PUTNEY — More than a year after town officials discovered Treasurer Anita Coomes failed to file municipal tax forms with the state and the Internal Revenue Service, thus subjecting the town to hefty penalties, problems remain and new ones have cropped up.
Last year, Coomes also was in hot water for neglecting to file three years' worth of dog licenses with the state.
At the Oct. 12 Selectboard meeting meeting, the board unanimously voted to grant Town Manager Cynthia Stoddard power of attorney and declaration of representative for the 2016 and 2017 tax year payroll and general tax forms.
At meeting, Stoddard told the board she recently visited the Brattleboro IRS office to check on Putney's case files. This suggestion, Stoddard said, came from the town's auditor.
From her visit to the IRS office, Stoddard learned some issues from last year haven't been rectified.
Those problems including missing quarterly payroll reconciliation reports (IRS form 941), an outstanding penalty notice for the late deposit of payroll tax withholdings, and another penalty notice for 2011 W-2 forms not properly reconciled.

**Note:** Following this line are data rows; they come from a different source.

text \<open>
  Write \<open>d\<close> for the distance in \<open>G\<close> and \<open>d\<^sub>2\<close> for the distance in \<open>D\<^sub>2(G)\<close>.
  Vertices at distance 0 or 2 in \<open>G\<close> are at \<open>d\<^sub>2\<close>-distance at most 1, so only the
  distances 1 and 3 need work.

  If \<open>d(x,y) = 3\<close> but \<open>d\<^sub>2(x,y) > 4\<close>, short \<open>D\<^sub>2\<close>-walks are excluded, and a case
  analysis along geodesics shows that no vertex is at distance 3 from both \<open>x\<close> and
  \<open>y\<close>. Hence every vertex lies on the side of \<open>x\<close> (\<open>d(x,z) \<in> {0,2}\<close>, or
  \<open>d(x,z) = 1\<close> and \<open>d(y,z) = 3\<close>) or on the side of \<open>y\<close>, and a \<open>D\<^sub>2\<close>-edge leaving
  the side of \<open>x\<close>, which exists as \<open>D\<^sub>2(G)\<close> is connected, would give a
  \<open>D\<^sub>2\<close>-walk of length at most 4 from \<open>x\<close> to \<open>y\<close>.

  If \<open>d(u,v) = 1\<close>, a vertex at distance 2 from one of \<open>u, v\<close> and at least 2 from
  the other gives \<open>d\<^sub>2(u,v) \<le> 1 + 4\<close>. Otherwise every vertex is within \<open>d\<^sub>2\<close>-distance
  2 of \<open>u\<close> or of \<open>v\<close>: a common neighbour of \<open>u\<close> and \<open>v\<close> violating this would be
  adjacent to all vertices at distance 2 from \<open>u\<close> or \<open>v\<close>, forcing \<open>diam(G) \<le> 2\<close>.
  Connectivity of \<open>D\<^sub>2(G)\<close> then yields a walk of length at most \<open>2 + 1 + 2\<close>.
\<close>

lemma walk_not_Nil: "walk R p \<Longrightarrow> p \<noteq> []"
  by (cases p) auto

lemma walk_append:
  "walk R p \<Longrightarrow> walk R q \<Longrightarrow> last p = hd q \<Longrightarrow> walk R (p @ tl q)"
proof (induction R p rule: walk.induct)
  case (2 R x)
  then show ?case by (cases q) auto
qed simp_all

lemma walk_rev: "symp R \<Longrightarrow> walk R p \<Longrightarrow> walk R (rev p)"
proof (induction R p rule: walk.induct)
  case (3 R x y xs)
  then have "walk R (rev (y # xs) @ tl [y, x])"
    by (intro walk_append) (auto dest: sympD)
  then show ?case by simp
qed simp_all

lemma walk_exit:
  "walk R p \<Longrightarrow> P (hd p) \<Longrightarrow> \<not> P (last p) \<Longrightarrow> \<exists>s t. R s t \<and> P s \<and> \<not> P t"
proof (induction R p rule: walk.induct)
  case (3 R x y xs)
  then show ?case by (cases "P y") auto
qed simp_all

lemma gdist_le_walk: "walk R p \<Longrightarrow> gdist R (hd p) (last p) \<le> of_nat (length p - 1)"
proof -
  assume p: "walk R p"
  then have "(LEAST n. \<exists>q. walk R q \<and> hd q = hd p \<and> last q = last p \<and> length q = Suc n)
      \<le> length p - 1"
    by (intro Least_le exI[of _ p]) (auto dest: walk_not_Nil)
  then show ?thesis using p unfolding gdist_def by (auto simp: of_nat_eq_enat)
qed

lemma gdist_enatE:
  assumes "gdist R x y = enat n"
  obtains p where "walk R p" "hd p = x" "last p = y" "length p = Suc n"
proof -
  let ?P = "\<lambda>m. \<exists>p. walk R p \<and> hd p = x \<and> last p = y \<and> length p = Suc m"
  obtain q where q: "walk R q" "hd q = x" "last q = y"
    using assms unfolding gdist_def by (auto split: if_splits)
  moreover have "length q = Suc (length q - 1)"
    using walk_not_Nil[OF q(1)] by simp
  ultimately have "?P (length q - 1)" by blast
  then have "?P (Least ?P)" by (rule LeastI)
  moreover have "\<exists>p. walk R p \<and> hd p = x \<and> last p = y" using q by blast
  then have "Least ?P = n"
    using assms unfolding gdist_def by simp
  ultimately show ?thesis using that by blast
qed

lemma gdist_self: "gdist R x x = 0"
  using gdist_le_walk[of R "[x]"] by simp

lemma gdist_le_one: "R x y \<Longrightarrow> gdist R x y \<le> 1"
  using gdist_le_walk[of R "[x, y]"] by simp

lemma gdist_triangle: "gdist R x z \<le> gdist R x y + gdist R y z"
proof (cases "gdist R x y = \<infinity> \<or> gdist R y z = \<infinity>")
  case False
  then obtain m n where m: "gdist R x y = enat m" and n: "gdist R y z = enat n"
    by auto
  obtain p where p: "walk R p" "hd p = x" "last p = y" "length p = Suc m"
    using gdist_enatE[OF m] .
  obtain q where q: "walk R q" "hd q = y" "last q = z" "length q = Suc n"
    using gdist_enatE[OF n] .
  have "last (p @ tl q) = z"
    using p q by (cases q) (auto simp: last_append)
  then have "gdist R x z \<le> of_nat (length (p @ tl q) - 1)"
    using gdist_le_walk[OF walk_append[OF p(1) q(1)]] p q walk_not_Nil by fastforce
  then show ?thesis using m n p q by (simp add: of_nat_eq_enat)
qed auto

lemma gdist_le_add: "gdist R x y \<le> a \<Longrightarrow> gdist R y z \<le> b \<Longrightarrow> gdist R x z \<le> a + b"
  using gdist_triangle[of R x z y] add_mono order_trans by blast

lemma gdist_commute: "symp R \<Longrightarrow> gdist R x y = gdist R y x"
proof -
  assume "symp R"
  have "gdist R y x \<le> gdist R x y" for x y
  proof (cases "gdist R x y")
    case (enat n)
    then obtain p where "walk R p" "hd p = x" "last p = y" "length p = Suc n"
      by (rule gdist_enatE)
    then show ?thesis
      using gdist_le_walk[OF walk_rev[OF \<open>symp R\<close>]] enat walk_not_Nil
      by (fastforce simp: hd_rev last_rev of_nat_eq_enat)
  qed simp
  then show ?thesis by (metis order_antisym)
qed

lemma gconnected_exit:
  assumes "gconnected V R" "x \<in> V" "y \<in> V" "P x" "\<not> P y"
  shows "\<exists>s t. R s t \<and> P s \<and> \<not> P t"
proof -
  obtain n where "gdist R x y = enat n"
    using assms(1-3) unfolding gconnected_def by auto
  then obtain p where "walk R p" "hd p = x" "last p = y"
    by (rule gdist_enatE)
  then show ?thesis using walk_exit assms(4,5) by blast
qed

lemma gconnected_gdist_le_if_balls_cover:
  assumes "gconnected V R" and R_in_V: "\<And>s t. R s t \<Longrightarrow> t \<in> V" and "u \<in> V" "v \<in> V"
    and cover: "\<And>z. z \<in> V \<Longrightarrow> gdist R u z \<le> a \<or> gdist R z v \<le> b"
  shows "gdist R u v \<le> a + 1 + b"
proof (cases "gdist R u v \<le> a")
  case True
  then show ?thesis by (simp add: add.assoc add_increasing2)
next
  case False
  moreover have "gdist R u u \<le> a" by (simp add: gdist_self)
  ultimately obtain s t where st: "R s t" "gdist R u s \<le> a" "\<not> gdist R u t \<le> a"
    using gconnected_exit[OF assms(1,3,4), of "\<lambda>z. gdist R u z \<le> a"] by blast
  then have "gdist R t v \<le> b" using cover R_in_V by blast
  with gdist_le_add[OF st(2) gdist_le_one[of R, OF st(1)]] show ?thesis by (rule gdist_le_add)
qed

locale diam3_graph =
  fixes V :: "'a set" and E :: "'a \<Rightarrow> 'a \<Rightarrow> bool"
  assumes simple: "simple_graph V E" and diam3: "diam V E = 3"
begin

definition d :: "'a \<Rightarrow> 'a \<Rightarrow> nat" where
  "d x y = the_enat (gdist E x y)"

abbreviation d\<^sub>2 :: "'a \<Rightarrow> 'a \<Rightarrow> enat" where
  "d\<^sub>2 x y \<equiv> gdist (D2 V E) x y"

lemma symp_E: "symp E"
  using simple unfolding simple_graph_def symp_def by blast

lemma E_in_V: "E x y \<Longrightarrow> x \<in> V \<and> y \<in> V"
  using simple unfolding simple_graph_def by blast

lemma gdist_le_diam: "x \<in> V \<Longrightarrow> y \<in> V \<Longrightarrow> gdist E x y \<le> 3"
  using diam3 unfolding diam_def by (metis (mono_tags, lifting) Sup_upper mem_Collect_eq)

lemma gdist_eq_d: "x \<in> V \<Longrightarrow> y \<in> V \<Longrightarrow> gdist E x y = enat (d x y)"
  using gdist_le_diam[of x y] unfolding d_def by (cases "gdist E x y") auto

lemma d_le_3: "x \<in> V \<Longrightarrow> y \<in> V \<Longrightarrow> d x y \<le> 3"
  using gdist_le_diam[of x y] gdist_eq_d[of x y] by (simp add: numeral_eq_enat)

lemma d_commute: "d x y = d y x"
  unfolding d_def using gdist_commute[OF symp_E] by metis

lemma d_triangle: "x \<in> V \<Longrightarrow> y \<in> V \<Longrightarrow> z \<in> V \<Longrightarrow> d x z \<le> d x y + d y z"
  using gdist_triangle[of E x z y] gdist_eq_d[of x z] gdist_eq_d[of x y] gdist_eq_d[of y z]
  by simp

lemma d_eq_0_iff: "x \<in> V \<Longrightarrow> y \<in> V \<Longrightarrow> d x y = 0 \<longleftrightarrow> x = y"
proof
  assume "x \<in> V" "y \<in> V" "d x y = 0"
  then obtain p where "walk E p" "hd p = x" "last p = y" "length p = Suc 0"
    using gdist_eq_d gdist_enatE by metis
  then show "x = y" by (cases p) auto
qed (simp add: d_def gdist_self zero_enat_def)

lemma d_geodesic_step:
  assumes "x \<in> V" "y \<in> V" "d x y = Suc n"
  obtains z where "z \<in> V" "d x z = 1" "d z y = n"
proof -
  obtain p where p: "walk E p" "hd p = x" "last p = y" "length p = Suc (Suc n)"
    using assms gdist_eq_d gdist_enatE by metis
  then obtain z r where pz: "p = x # z # r"
    by (cases p; cases "tl p") auto
  then have "E x z" "walk E (z # r)" using p by auto
  then have zV: "z \<in> V" and "gdist E x z \<le> 1" "gdist E z y \<le> enat n"
    using E_in_V gdist_le_one gdist_le_walk[of E "z # r"] p pz by (auto simp: of_nat_eq_enat)
  then have "d x z \<le> 1" "d z y \<le> n"
    using assms(1,2) gdist_eq_d by (auto simp: one_enat_def)
  moreover have "d x y \<le> d x z + d z y" using d_triangle assms zV by blast
  ultimately show ?thesis using that zV assms(3) by simp
qed
(* Let $\nu>\tfrac14$ and $\kappa>0$. Let $g_k, g_{k+1}, d_k\in\mathbb{R}^n$ with $g_k\neq 0$ and $d_k\neq 0$. Define $$\beta_k=\min\Big\{\frac{\big\langle g_{k+1},\, g_{k+1}-g_k-\frac{\nu\|g_{k+1}-g_k\|_2^2}{\|g_k\|_2^2}\,d_k\big\rangle_{+}}{\|g_k\|_2^2},\ \frac{\kappa\|g_{k+1}\|_2}{\|d_k\|_2}\Big\},$$ where $t_+=\max\{t,0\}$, and $d_{k+1}=-g_{k+1}+\beta_k d_k$. Then, with $\mu=\frac{4\nu-1}{4\nu(1+\kappa)}$, $$\langle d_{k+1},g_{k+1}\rangle\le -\mu\,\|d_{k+1}\|_2\,\|g_{k+1}\|_2 .$$
   Context: $\langle\cdot,\cdot\rangle$ is the Euclidean inner product and $\|\cdot\|=\|\cdot\|_2$ the Euclidean norm on $\mathbb{R}^n$. *)

theory Defs
  imports "HOL-Analysis.Analysis"
begin

end

theory Submission
  imports Defs
begin

text \<open>Write \<open>y = g\<^sub>k\<^sub>+\<^sub>1 - g\<^sub>k\<close> and \<open>t = \<langle>d\<^sub>k, g\<^sub>k\<^sub>+\<^sub>1\<rangle> / \<parallel>g\<^sub>k\<parallel>\<^sup>2\<close>. Whenever \<open>t > 0\<close>, the first
  term of the minimum gives \<open>\<beta>\<^sub>k \<langle>d\<^sub>k, g\<^sub>k\<^sub>+\<^sub>1\<rangle> \<le> \<parallel>g\<^sub>k\<^sub>+\<^sub>1\<parallel> (\<parallel>y\<parallel> t) - \<nu> (\<parallel>y\<parallel> t)\<^sup>2 \<le> \<parallel>g\<^sub>k\<^sub>+\<^sub>1\<parallel>\<^sup>2 / (4\<nu>)\<close>,
  so \<open>\<langle>d\<^sub>k\<^sub>+\<^sub>1, g\<^sub>k\<^sub>+\<^sub>1\<rangle> \<le> -(1 - 1/(4\<nu>)) \<parallel>g\<^sub>k\<^sub>+\<^sub>1\<parallel>\<^sup>2\<close>. The second term of the minimum gives
  \<open>\<parallel>d\<^sub>k\<^sub>+\<^sub>1\<parallel> \<le> (1 + \<kappa>) \<parallel>g\<^sub>k\<^sub>+\<^sub>1\<parallel>\<close>, which converts this into the angle condition.\<close>

lemma quadratic_le_square_div:
  fixes a s \<nu> :: real
  assumes "\<nu> > 0"
  shows "a * s - \<nu> * s\<^sup>2 \<le> a\<^sup>2 / (4 * \<nu>)"
proof -
  have "4 * \<nu> * (a * s - \<nu> * s\<^sup>2) = a\<^sup>2 - (2 * \<nu> * s - a)\<^sup>2"
    by (simp add: power2_eq_square algebra_simps)
  also have "\<dots> \<le> a\<^sup>2" by simp
  finally show ?thesis using assms by (simp add: field_simps)
qed

definition beta_plus :: "real \<Rightarrow> 'a::real_inner \<Rightarrow> 'a \<Rightarrow> 'a \<Rightarrow> real" where
  "beta_plus \<nu> g g1 d =
     max (g1 \<bullet> (g1 - g - (\<nu> * (norm (g1 - g))\<^sup>2 / (norm g)\<^sup>2) *\<^sub>R d)) 0 / (norm g)\<^sup>2"

lemma beta_plus_mult_inner_le:
  fixes g g1 d :: "'a::real_inner"
  assumes "\<nu> > 0" and "g \<noteq> 0" and "0 \<le> \<beta>" and "\<beta> \<le> beta_plus \<nu> g g1 d"
  shows "\<beta> * (d \<bullet> g1) \<le> (norm g1)\<^sup>2 / (4 * \<nu>)"
proof (cases "d \<bullet> g1 \<le> 0")
  case True
  then have "\<beta> * (d \<bullet> g1) \<le> 0" using assms(3) by (simp add: mult_nonneg_nonpos)
  also have "0 \<le> (norm g1)\<^sup>2 / (4 * \<nu>)" using assms(1) by simp
  finally show ?thesis .
next
  case False
  define a where "a = (norm g)\<^sup>2"
  define y where "y = g1 - g"
  define t where "t = (d \<bullet> g1) / a"
  define N where "N = g1 \<bullet> y - \<nu> * (norm y)\<^sup>2 * t"
  have a_pos: "a > 0" using assms(2) by (simp add: a_def)
  have t_pos: "t > 0" using False a_pos by (simp add: t_def)
  have inner_eq: "d \<bullet> g1 = t * a" using a_pos by (simp add: t_def)
  have "beta_plus \<nu> g g1 d = max N 0 / a"
    by (simp add: beta_plus_def N_def y_def t_def a_def inner_diff_right inner_commute algebra_simps)
  then have "\<beta> \<le> max N 0 / a" using assms(4) by simp
  then have "\<beta> * a \<le> max N 0" using a_pos by (simp add: pos_le_divide_eq)
  then have "\<beta> * (d \<bullet> g1) \<le> max N 0 * t"
    using t_pos inner_eq by (metis mult.assoc mult.commute mult_right_mono less_imp_le)
  also have "\<dots> \<le> max (norm g1 * (norm y * t) - \<nu> * (norm y * t)\<^sup>2) 0"
  proof -
    have "(g1 \<bullet> y) * t \<le> norm g1 * norm y * t"
      using norm_cauchy_schwarz t_pos by (simp add: mult_right_mono)
    then have "N * t \<le> norm g1 * (norm y * t) - \<nu> * (norm y * t)\<^sup>2"
      by (simp add: N_def power2_eq_square algebra_simps)
    then show ?thesis using t_pos by (auto simp: max_def)
  qed
  also have "\<dots> \<le> (norm g1)\<^sup>2 / (4 * \<nu>)"
    using quadratic_le_square_div[OF assms(1)] assms(1) by simp
  finally show ?thesis .
qed

lemma sufficient_descent_of_bounded_beta:
  fixes g1 d :: "'a::real_inner" and \<nu> \<kappa> \<beta> :: real
  assumes "\<nu> > 1/4" and "\<kappa> > 0" and "0 \<le> \<beta>"
    and inner_bound: "\<beta> * (d \<bullet> g1) \<le> (norm g1)\<^sup>2 / (4 * \<nu>)"
    and norm_bound: "\<beta> * norm d \<le> \<kappa> * norm g1"
  shows "(- g1 + \<beta> *\<^sub>R d) \<bullet> g1 \<le> - ((4 * \<nu> - 1) / (4 * \<nu> * (1 + \<kappa>))) * norm (- g1 + \<beta> *\<^sub>R d) * norm g1"
proof -
  define \<mu> where "\<mu> = (4 * \<nu> - 1) / (4 * \<nu> * (1 + \<kappa>))"
  have \<mu>_nonneg: "\<mu> \<ge> 0" unfolding \<mu>_def using assms(1,2) by (intro divide_nonneg_pos) auto
  have \<mu>_mult: "\<mu> * (1 + \<kappa>) = 1 - 1 / (4 * \<nu>)"
  proof -
    have "1 + \<kappa> \<noteq> 0" "\<nu> \<noteq> 0" using assms(1,2) by auto
    then have "\<mu> * (1 + \<kappa>) = (4 * \<nu> - 1) / (4 * \<nu>)" by (simp add: \<mu>_def)
    also have "\<dots> = 1 - 1 / (4 * \<nu>)" using \<open>\<nu> \<noteq> 0\<close> by (simp add: diff_divide_distrib)
    finally show ?thesis .
  qed
  have "norm (- g1 + \<beta> *\<^sub>R d) \<le> norm g1 + \<beta> * norm d"
    using norm_triangle_ineq[of "- g1" "\<beta> *\<^sub>R d"] assms(3) by simp
  also have "\<dots> \<le> (1 + \<kappa>) * norm g1" using norm_bound by (simp add: algebra_simps)
  finally have "\<mu> * norm (- g1 + \<beta> *\<^sub>R d) * norm g1 \<le> \<mu> * ((1 + \<kappa>) * norm g1) * norm g1"
    using \<mu>_nonneg by (intro mult_right_mono mult_left_mono) auto
  also have "\<dots> = (\<mu> * (1 + \<kappa>)) * (norm g1)\<^sup>2"
    by (simp add: power2_eq_square)
  also have "\<dots> = (norm g1)\<^sup>2 - (norm g1)\<^sup>2 / (4 * \<nu>)"
    unfolding \<mu>_mult by (simp add: left_diff_distrib)
  also have "\<dots> \<le> - ((- g1 + \<beta> *\<^sub>R d) \<bullet> g1)"
  proof -
    have "(- g1 + \<beta> *\<^sub>R d) \<bullet> g1 = \<beta> * (d \<bullet> g1) - (norm g1)\<^sup>2"
      by (simp add: inner_diff_left power2_norm_eq_inner)
    then show ?thesis using inner_bound by linarith
  qed
  finally show ?thesis by (simp add: \<mu>_def)
qed

theorem lemma1:
  fixes g_k g_k1 d_k :: "real ^ 'n" and \<nu> \<kappa> :: real
  assumes "\<nu> > 1/4" and "\<kappa> > 0" and "g_k \<noteq> 0" and "d_k \<noteq> 0"
  shows "let \<beta> = min (max (g_k1 \<bullet> (g_k1 - g_k - (\<nu> * (norm (g_k1 - g_k))^2 / (norm g_k)^2) *\<^sub>R d_k)) 0
                          / (norm g_k)^2)
                     (\<kappa> * norm g_k1 / norm d_k);
             d_k1 = - g_k1 + \<beta> *\<^sub>R d_k;
             \<mu> = (4 * \<nu> - 1) / (4 * \<nu> * (1 + \<kappa>))
         in d_k1 \<bullet> g_k1 \<le> - \<mu> * norm d_k1 * norm g_k1"
proof -
  define \<beta> where "\<beta> = min (beta_plus \<nu> g_k g_k1 d_k) (\<kappa> * norm g_k1 / norm d_k)"
  have "0 \<le> \<beta>"
    using assms(2) by (simp add: \<beta>_def beta_plus_def)
  moreover have "\<beta> * (d_k \<bullet> g_k1) \<le> (norm g_k1)\<^sup>2 / (4 * \<nu>)"
    using assms(1,3) \<open>0 \<le> \<beta>\<close> by (intro beta_plus_mult_inner_le) (auto simp: \<beta>_def)
  moreover have "\<beta> * norm d_k \<le> \<kappa> * norm g_k1"
  proof -
    have "\<beta> \<le> \<kappa> * norm g_k1 / norm d_k" by (simp add: \<beta>_def)
    then show ?thesis using assms(4) by (simp add: pos_le_divide_eq mult.commute)
  qed
  ultimately show ?thesis
    using sufficient_descent_of_bounded_beta[OF assms(1,2)]
    unfolding Let_def \<beta>_def beta_plus_def by blast
qed

end
(* Under the standing setting below, take $\rho(x,y)=\|\nabla h(x,y)\|^2$, let $\alpha>0$, $C_0>0$, and let $(x_0,y_0)$ satisfy $h(x_0,y_0)\le \alpha^2 C_0$. Let $\gamma>0$ satisfy $\gamma\le\min\{\alpha,\frac{1}{L_f+\alpha L_h}\}$ and let $\{(x_k,y_k,\lambda_k)\}_{k\ge0}$ be generated by the Algorithm. Then for every integer $K\ge1$, $$\frac1K\sum_{k=0}^{K-1}\big(\|\Delta_k^x\|^2+\|\Delta_k^y\|^2\big)\le \frac{4(f_0+\alpha^3C_0-\bar f)}{\gamma K}+\frac{2\alpha C_0}{\gamma L_h K}+2\alpha^2L_hC_f^2,$$ and $$\frac1K\sum_{k=0}^{K-1}\big(\|\nabla_x h_k\|^2+\|\nabla_y h_k\|^2\big)\le \frac{2\alpha C_0}{\gamma K}+\frac{2L_h(f_0+\alpha^3C_0-\bar f)}{\gamma K}+\alpha^2L_h^2C_f^2,$$ where $f_0=f(x_0,y_0)$.
   Context: Standing setting. $f,g:\mathbb{R}^n\times\mathbb{R}^m\to\mathbb{R}$. $f$ is continuously differentiable, $\bar f:=\inf_{(x,y)}f(x,y)>-\infty$, $\nabla f$ is $L_f$-Lipschitz on $\mathbb{R}^{n+m}$, and $\|\nabla f(x,y)\|\le C_f$ for all $(x,y)$. $g$ is twice continuously differentiable, and $h(x,y):=\|\nabla_y g(x,y)\|^2$ is continuously differentiable with $\nabla h$ being $L_h$-Lipschitz ($L_h>0$). Write $\nabla h=(\nabla_x h,\nabla_y h)$ and, for a sequence $(x_k,y_k)$, $f_k=f(x_k,y_k)$, $h_k=h(x_k,y_k)$, $\nabla_x f_k=\nabla_x f(x_k,y_k)$, etc. Given a function $\rho:\mathbb{R}^n\times\mathbb{R}^m\to\mathbb{R}_{\ge0}$, parameters $\alpha,\gamma>0$ and a starting point $(x_0,y_0)$, the Algorithm iterates for $k\ge0$: $$\lambda_k=\frac{\big[-\nabla_x h_k^\top\nabla_x f_k-\nabla_y h_k^\top\nabla_y f_k+\alpha\rho(x_k,y_k)\big]_+}{\|\nabla_x h_k\|^2+\|\nabla_y h_k\|^2}\ \text{ if }\nabla h_k\neq0,\qquad \lambda_k=0\ \text{ if }\nabla h_k=0,$$ where $[t]_+=\max\{0,t\}$; then $\Delta_k^x=-\nabla_x f_k-\lambda_k\nabla_x h_k$, $\Delta_k^y=-\nabla_y f_k-\lambda_k\nabla_y h_k$, $x_{k+1}=x_k+\gamma\Delta_k^x$, $y_{k+1}=y_k+\gamma\Delta_k^y$. (Equivalently, $(\Delta_k^x,\Delta_k^y)$ and $\lambda_k$ are the primal solution and multiplier of the QP $\min_{\Delta^x,\Delta^y}\frac12\|\Delta^x+\nabla_xf_k\|^2+\frac12\|\Delta^y+\nabla_yf_k\|^2$ s.t. $\nabla_xh_k^\top\Delta^x+\nabla_yh_k^\top\Delta^y+\alpha\rho(x_k,y_k)\le0$.) *)

theory Defs
  imports "HOL-Analysis.Analysis"
begin

text \<open>Points (x,y) are pairs in 'a \<times> 'b with 'a, 'b Euclidean spaces (R^n, R^m).
  Gradients are elements of 'a \<times> 'b; fst/snd give the x- and y-partial gradients.\<close>

text \<open>Multiplier lambda_k, given gf = grad f(x_k,y_k), gh = grad h(x_k,y_k), alpha, rho_k.\<close>
definition alg_lambda :: "('a::euclidean_space \<times> 'b::euclidean_space) \<Rightarrow> ('a \<times> 'b) \<Rightarrow> real \<Rightarrow> real \<Rightarrow> real" where
  "alg_lambda gf gh \<alpha> r =
     (if gh = 0 then 0
      else max 0 (- (fst gh \<bullet> fst gf) - (snd gh \<bullet> snd gf) + \<alpha> * r)
             / (norm (fst gh) ^ 2 + norm (snd gh) ^ 2))"

definition alg_dx :: "('a::euclidean_space \<times> 'b::euclidean_space) \<Rightarrow> ('a \<times> 'b) \<Rightarrow> real \<Rightarrow> real \<Rightarrow> 'a" where
  "alg_dx gf gh \<alpha> r = - fst gf - alg_lambda gf gh \<alpha> r *\<^sub>R fst gh"

definition alg_dy :: "('a::euclidean_space \<times> 'b::euclidean_space) \<Rightarrow> ('a \<times> 'b) \<Rightarrow> real \<Rightarrow> real \<Rightarrow> 'b" where
  "alg_dy gf gh \<alpha> r = - snd gf - alg_lambda gf gh \<alpha> r *\<^sub>R snd gh"

end

(*
  The step (\<Delta>\<^sup>x, \<Delta>\<^sup>y) satisfies the linearized constraint \<nabla>h \<bullet> \<Delta> \<le> -\<alpha> \<parallel>\<nabla>h\<parallel>\<^sup>2 and
  \<nabla>f \<bullet> \<Delta> + \<alpha> \<nabla>h \<bullet> \<Delta> \<le> -\<parallel>\<Delta>\<parallel>\<^sup>2 + \<alpha> \<parallel>\<nabla>h\<parallel> C\<^sub>f. With the descent lemma for f and h,
  the merit function f + (\<alpha> + 1/(2 L\<^sub>h \<alpha>)) h then drops by \<gamma> \<parallel>\<Delta>\<parallel>\<^sup>2 / 4 per step up to the
  constant \<gamma> \<alpha>\<^sup>2 L\<^sub>h C\<^sub>f\<^sup>2 / 2, and telescoping bounds \<Sigma> \<parallel>\<Delta>\<^sub>k\<parallel>\<^sup>2. The descent lemma for h alone,
  where the constraint yields a decrease \<gamma> \<alpha> \<parallel>\<nabla>h\<parallel>\<^sup>2, telescopes to a bound on
  \<Sigma> \<parallel>\<nabla>h\<^sub>k\<parallel>\<^sup>2 in terms of the sum already controlled.
*)

theory Submission
  imports Defs
begin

The total penalty the IRS seeks from the town is over $4,000.
When Stoddard came back to the Town Offices from the IRS office, she said, “I went to look for some of [the documents] in Anita's office and found the payroll reports, including checks from last quarter, were not sent to the state.”
Hoping for the best
To avoid further penalties and problems, Stoddard completed some of the treasurer's tasks, including filling out and filing forms. “There was a notice of an $1,800 penalty from the state,” Stoddard said, but told the board she believes once the forms are filed, “the penalty will disappear."
Other issues Stoddard described as “a little more complicated.”
Although she was able to find one of the missing 941 forms, she asked Coomes to find the others, and Coomes was unsuccessful. “I have to find W-2s from 2014 and 2011 and all the reports that go with them,” Stoddard said.
When asked by The Commons about her failure to file the required state and federal tax forms, Coomes said, “I had filed the 941 but for some reason they hadn't gotten them … You think you've done something and it didn't get through.”
Coomes said the issue was the change in the way forms are filed - from paper to online systems.
“But hopefully it will get solved,” she said.
Coomes added, “Hopefully, we will be able to be forgiven” for the late fees and penalties, “but I don't know if that will happen.”
Going forward, Stoddard told Board members her office is keeping track of tax form due dates. Stoddard also said she told Coomes she wants to sign the 941 forms before she submits them, “so I know that they go out, and if I don't get them, I'm going to do them and sign them myself.”
When Stoddard discovered Coomes's failure to file the tax forms in June 2015, she spoke with the treasurer, who she said was challenged by the new filing software.
Coomes “really wants to straighten it out,” Stoddard told board members last year, adding “she wasn't hiding anything.”
Although Stoddard said she and other town office employees offered to help Coomes with the software, she said Coomes didn't accept the assistance.
When asked if she had taken any opportunities to learn the new systems, Coomes said, “it has been offered and I will certainly take advantage.”
'This is a problem'
Stoddard said, “I told Anita, 'This is a problem,'” and that she made it clear to Coomes that she (Stoddard) can't spend time doing this work.
“I was on the phone with the IRS for two hours the other day,” Stoddard noted. But, “it's much less time in the long run” for Stoddard to complete and submit the paperwork than it is to work with Coomes on the missing documents, she said.
None of this bodes well for the town.
“There will be a finding in the audit about this,” Stoddard said, adding that Putney will owe the IRS $3,500 “if we can't straighten out the 2011 stuff.”
“If I didn't know how to [file these forms], we'd have to hire somebody to do it,” Stoddard said.
Because the treasurer is an elected position, neither the town manager nor the Selectboard has the power to manage that office.
“If anything else like this comes up, I would be hard-pressed not to issue a statement of no confidence,” Board Chair Josh Laughlin said last year, in response to the first round of findings.
“This further clarifies the fact that the office of the treasurer is not completing duties fully as expected,” said Laughlin at the Oct. 12 meeting, adding, “that's an issue we recognize, and, beyond this, don't have the authority to make changes in that office but hope those changes will occur.”
“I'm trying to get squared away,” Coomes said, “but they keep changing things around and you [have] got to learn to deal with it.”